(Stored data entries)
lemma holder_inequality:
  fixes f g :: "'a \<Rightarrow> real" and p q :: real
  assumes pq: "p > 1" "q > 1" "1/p + 1/q = 1"
    and fi: "integrable M (\<lambda>x. \<bar>f x\<bar> powr p)" and gi: "integrable M (\<lambda>x. \<bar>g x\<bar> powr q)"
    and fgi: "integrable M (\<lambda>x. f x * g x)"
  shows "integral\<^sup>L M (\<lambda>x. \<bar>f x * g x\<bar>) \<le>
     (integral\<^sup>L M (\<lambda>x. \<bar>f x\<bar> powr p)) powr (1/p) * (integral\<^sup>L M (\<lambda>x. \<bar>g x\<bar> powr q)) powr (1/q)"
proof -
  define A where "A = integral\<^sup>L M (\<lambda>x. \<bar>f x\<bar> powr p)"
  define B where "B = integral\<^sup>L M (\<lambda>x. \<bar>g x\<bar> powr q)"
  have A0: "A \<ge> 0" and B0: "B \<ge> 0" unfolding A_def B_def by (auto intro: integral_nonneg_AE)
  have "integral\<^sup>L M (\<lambda>x. \<bar>f x * g x\<bar>) \<le> (A+e) powr (1/p) * (B+e) powr (1/q)" if "e > 0" for e
    using that A0 B0 pq
    by (intro holder_inequality_normalized[OF pq fi gi fgi]) (simp_all add: powr_powr flip: A_def B_def)
  moreover have "((\<lambda>e. (A+e) powr (1/p) * (B+e) powr (1/q)) \<longlongrightarrow> (A+0) powr (1/p) * (B+0) powr (1/q)) (at_right 0)"
    using pq A0 B0
    by (intro tendsto_intros tendsto_powr') (auto intro!: eventually_at_rightI[of 0 1])
  ultimately have "integral\<^sup>L M (\<lambda>x. \<bar>f x * g x\<bar>) \<le> (A+0) powr (1/p) * (B+0) powr (1/q)"
    by (intro tendsto_lowerbound) (auto intro!: eventually_at_rightI[of 0 1])
  thus ?thesis unfolding A_def B_def by simp
qed

lemma Lp_mult_le:
  assumes p: "0 < p" and st: "1 < s" "1 < t" "1/s + 1/t = 1"
    and f: "bounded_profile f" and g: "bounded_profile g"
  shows "Lp p (\<lambda>r. f r * g r) \<le> Lp (p * s) f * Lp (p * t) g"
proof -
  define F where "F = (\<lambda>r. \<bar>f r\<bar> powr p)"
  define G where "G = (\<lambda>r. \<bar>g r\<bar> powr p)"
  have F: "bounded_profile F" and G: "bounded_profile G"
    unfolding F_def G_def using bounded_profile_abs_powr f g p by auto
  have "integral\<^sup>L ball6 (\<lambda>x. \<bar>F (norm x) * G (norm x)\<bar>) \<le>
     (integral\<^sup>L ball6 (\<lambda>x. \<bar>F (norm x)\<bar> powr s)) powr (1/s) *
     (integral\<^sup>L ball6 (\<lambda>x. \<bar>G (norm x)\<bar> powr t)) powr (1/t)"
    using st F G
    by (intro holder_inequality integrable_bounded_profile bounded_profile_abs_powr bounded_profile_mult) auto
  moreover have "\<bar>F y * G y\<bar> = \<bar>f y * g y\<bar> powr p" "\<bar>F y\<bar> powr s = \<bar>f y\<bar> powr (p * s)"
    "\<bar>G y\<bar> powr t = \<bar>g y\<bar> powr (p * t)" for y
    unfolding F_def G_def by (simp_all add: abs_mult powr_mult powr_powr)
  ultimately have "integral\<^sup>L ball6 (\<lambda>x. \<bar>f (norm x) * g (norm x)\<bar> powr p) \<le>
     Lp (p * s) f powr p * Lp (p * t) g powr p"
    unfolding Lp_ball6 using p by (simp add: powr_powr)
  hence "Lp p (\<lambda>r. f r * g r) \<le> (Lp (p * s) f powr p * Lp (p * t) g powr p) powr (1/p)"
    unfolding Lp_ball6 using p by (intro powr_mono2) (auto intro: integral_nonneg_AE)
  also have "\<dots> = Lp (p * s) f * Lp (p * t) g"
    using p by (simp add: powr_mult[symmetric] powr_powr Lp_nonneg)
  finally show ?thesis .
qed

Exercise aim - The lines in the records above that include the word "unfolding" must be copied out.

Written response -
  have A0: "A \<ge> 0" and B0: "B \<ge> 0" unfolding A_def B_def by (auto intro: integral_nonneg_AE)
  thus ?thesis unfolding A_def B_def by simp
    unfolding F_def G_def using bounded_profile_abs_powr f g p by auto
    unfolding F_def G_def by (simp_all add: abs_mult powr_mult powr_powr)
    unfolding Lp_ball6 using p by (simp add: powr_powr)
    unfolding Lp_ball6 using p by (intro powr_mono2) (auto intro: integral_nonneg_AE)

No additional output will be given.